[Items from a data source]
-- Opening Marker --

text \<open>The linear forms T and T-bar, evaluated on pure tensors u \<otimes> v \<otimes> x \<otimes> y.\<close>

definition Tform :: "('o, 'm) mcat \<Rightarrow> 'i set \<Rightarrow> ('i \<Rightarrow> 'o)
     \<Rightarrow> ('i, 'm) Helem \<Rightarrow> ('i, 'm) Helem \<Rightarrow> ('i, 'm) Helem \<Rightarrow> ('i, 'm) Helem \<Rightarrow> 'm" where
  "Tform C I V u v x y = ksum C (\<lambda>(i, j, k, l, m, n).
       scal C (V m)
         (cmp C (pihat u k l m)
           (cmp C (tnm C (pihat v i j k) (idm C (V l)))
             (cmp C (tnm C (idm C (V i)) (picheck x j l n))
               (picheck y i n m)))))
     (I \<times> I \<times> I \<times> I \<times> I \<times> I)"

definition Tbar :: "('o, 'm) mcat \<Rightarrow> 'i set \<Rightarrow> ('i \<Rightarrow> 'o)
     \<Rightarrow> ('i, 'm) Helem \<Rightarrow> ('i, 'm) Helem \<Rightarrow> ('i, 'm) Helem \<Rightarrow> ('i, 'm) Helem \<Rightarrow> 'm" where
  "Tbar C I V u v x y = ksum C (\<lambda>(i, j, k, l, m, n).
       scal C (V m)
         (cmp C (pihat u i n m)
           (cmp C (tnm C (idm C (V i)) (pihat v j l n))
             (cmp C (tnm C (picheck x i j k) (idm C (V l)))
               (picheck y k l m)))))
     (I \<times> I \<times> I \<times> I \<times> I \<times> I)"

end

theory Submission
  imports Defs
begin

text \<open>
  Each identity is proved summand by summand, after relabelling the six summation indices by
  an involution of \<open>I\<^sup>6\<close>; every summand identity is a string-diagram computation.
  Identity (ii) needs only the diagram calculus: the unit \<open>b (st j)\<close> inside \<open>Bx\<close> and the counit
  \<open>d j\<close> inside \<open>Av\<close> cancel by a zigzag identity. Identities (i) and (iii) involve the transposes.
  The form on \<open>H\<close> pairs \<open>H\<^sup>k\<^sub>i\<^sub>j\<close> with \<open>H\<^sup>i\<^sup>j\<^sub>k\<close> by \<open>(f, c) \<mapsto> \<langle>f \<cdot> c\<rangle>\<close>; using axiom (4) and duality this
  pairing is nondegenerate and represents every linear form. Hence the transpose of \<open>A\<close> (or \<open>B\<close>)
  at \<open>y\<close> is the vector whose components represent the linear forms through which the components
  of \<open>x\<close> enter \<open>\<langle>A x, y\<rangle>\<close>; its defining property turns a summand of \<open>Tform\<close> into an expression
  in \<open>y\<close>, which the diagram calculus identifies with a summand of \<open>Tbar\<close>.
\<close>

locale psi_sys =
  fixes C :: "('o, 'm) mcat" and I :: "'i set" and V :: "'i \<Rightarrow> 'o"
    and st :: "'i \<Rightarrow> 'i" and b d :: "'i \<Rightarrow> 'm"
  assumes psi: "psi_system C I V st b d"
begin

abbreviation comp_C :: "'m \<Rightarrow> 'm \<Rightarrow> 'm" (infixr "\<cdot>" 70) where "g \<cdot> f \<equiv> cmp C g f"
abbreviation tensor_C :: "'m \<Rightarrow> 'm \<Rightarrow> 'm" (infixr "\<otimes>" 75) where "f \<otimes> g \<equiv> tnm C f g"
abbreviation otensor_C :: "'o \<Rightarrow> 'o \<Rightarrow> 'o" (infixr "\<odot>" 75) where "a \<odot> c \<equiv> tno C a c"
abbreviation ident_C :: "'o \<Rightarrow> 'm" ("\<one>") where "\<one> a \<equiv> idm C a"
abbreviation unit_C :: "'o" ("\<bbbI>") where "\<bbbI> \<equiv> unit C"
abbreviation add_C :: "'m \<Rightarrow> 'm \<Rightarrow> 'm" (infixl "\<oplus>" 65) where "f \<oplus> g \<equiv> madd C f g"
abbreviation zero_C :: "'o \<Rightarrow> 'o \<Rightarrow> 'm" ("\<zero>") where "\<zero> a c \<equiv> mzero C a c"
abbreviation scal_C :: "'m \<Rightarrow> 'i \<Rightarrow> 'm" ("\<langle>_\<rangle>\<^bsub>_\<^esub>") where "\<langle>f\<rangle>\<^bsub>k\<^esub> \<equiv> scal C (V k) f"
abbreviation field_C :: "'m set" ("\<kk>") where "\<kk> \<equiv> Hom C \<bbbI> \<bbbI>"

lemma Hom_iff [simp]: "f \<in> Hom C a c \<longleftrightarrow> f \<in> Mor C \<and> dom C f = a \<and> cod C f = c"
  by (auto simp: Hom_def)

lemma category: "is_category C" and monoidal: "is_strict_monoidal C"
  and additive: "is_Ab_category C" and ground: "ground_field C" and bilinear: "k_bilinear_tensor C"
  using psi unfolding psi_system_def strict_monoidal_Ab_cat_def by auto

lemma dom_ob [simp]: "f \<in> Mor C \<Longrightarrow> dom C f \<in> Ob C"
  and cod_ob [simp]: "f \<in> Mor C \<Longrightarrow> cod C f \<in> Ob C"
  and unit_ob [simp]: "\<bbbI> \<in> Ob C"
  and tno_ob [simp]: "a \<in> Ob C \<Longrightarrow> c \<in> Ob C \<Longrightarrow> a \<odot> c \<in> Ob C"
  and tno_assoc [simp]: "a \<in> Ob C \<Longrightarrow> c \<in> Ob C \<Longrightarrow> e \<in> Ob C \<Longrightarrow> (a \<odot> c) \<odot> e = a \<odot> (c \<odot> e)"
  and tno_unit_left [simp]: "a \<in> Ob C \<Longrightarrow> \<bbbI> \<odot> a = a"
  and tno_unit_right [simp]: "a \<in> Ob C \<Longrightarrow> a \<odot> \<bbbI> = a"
  using category monoidal unfolding is_category_def is_strict_monoidal_def by auto

lemma V_ob [simp]: "i \<in> I \<Longrightarrow> V i \<in> Ob C"
  and dual_in_I [simp]: "i \<in> I \<Longrightarrow> st i \<in> I"
  and dual_dual [simp]: "i \<in> I \<Longrightarrow> st (st i) = i"
  using psi unfolding psi_system_def simple_obj_def by auto

lemma dual_inj: "i \<in> I \<Longrightarrow> j \<in> I \<Longrightarrow> st i = st j \<Longrightarrow> i = j"
  by (metis dual_dual)

lemma idm_typing [simp]: "a \<in> Ob C \<Longrightarrow> \<one> a \<in> Mor C" "a \<in> Ob C \<Longrightarrow> dom C (\<one> a) = a"
    "a \<in> Ob C \<Longrightarrow> cod C (\<one> a) = a"
  using category unfolding is_category_def by auto

lemma cmp_typing [simp]:
  assumes "f \<in> Mor C" "g \<in> Mor C" "dom C g = cod C f"
  shows "g \<cdot> f \<in> Mor C" "dom C (g \<cdot> f) = dom C f" "cod C (g \<cdot> f) = cod C g"
proof -
  have "\<forall>a\<in>Ob C. \<forall>b\<in>Ob C. \<forall>c\<in>Ob C. \<forall>f\<in>Hom C a b. \<forall>g\<in>Hom C b c. g \<cdot> f \<in> Hom C a c"
    using category unfolding is_category_def by blast
  from this[rule_format, of "dom C f" "cod C f" "cod C g" f g] assms
  show "g \<cdot> f \<in> Mor C" "dom C (g \<cdot> f) = dom C f" "cod C (g \<cdot> f) = cod C g" by auto
qed

lemma tnm_typing [simp]:
  assumes "f \<in> Mor C" "g \<in> Mor C"
  shows "f \<otimes> g \<in> Mor C" "dom C (f \<otimes> g) = dom C f \<odot> dom C g" "cod C (f \<otimes> g) = cod C f \<odot> cod C g"
proof -
  have "\<forall>a\<in>Ob C. \<forall>b\<in>Ob C. \<forall>c\<in>Ob C. \<forall>e\<in>Ob C. \<forall>f\<in>Hom C a b. \<forall>g\<in>Hom C c e.
      f \<otimes> g \<in> Hom C (a \<odot> c) (b \<odot> e)"
    using monoidal[unfolded is_strict_monoidal_def] by (elim conjE) assumption
  from this[rule_format, of "dom C f" "cod C f" "dom C g" "cod C g" f g] assms
  show "f \<otimes> g \<in> Mor C" "dom C (f \<otimes> g) = dom C f \<odot> dom C g"
    "cod C (f \<otimes> g) = cod C f \<odot> cod C g" by auto
qed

-- Closing Marker --

• [Work to complete]:
Take the entries above and return only the lines from the one with "by (auto simp: Hom_def)" to the one with "using psi unfolding psi_system_def strict_monoidal_Ab_cat_def", both included, unchanged.

• [Output of the exercise]:
  by (auto simp: Hom_def)

lemma category: "is_category C" and monoidal: "is_strict_monoidal C"
  and additive: "is_Ab_category C" and ground: "ground_field C" and bilinear: "k_bilinear_tensor C"
  using psi unfolding psi_system_def strict_monoidal_Ab_cat_def by auto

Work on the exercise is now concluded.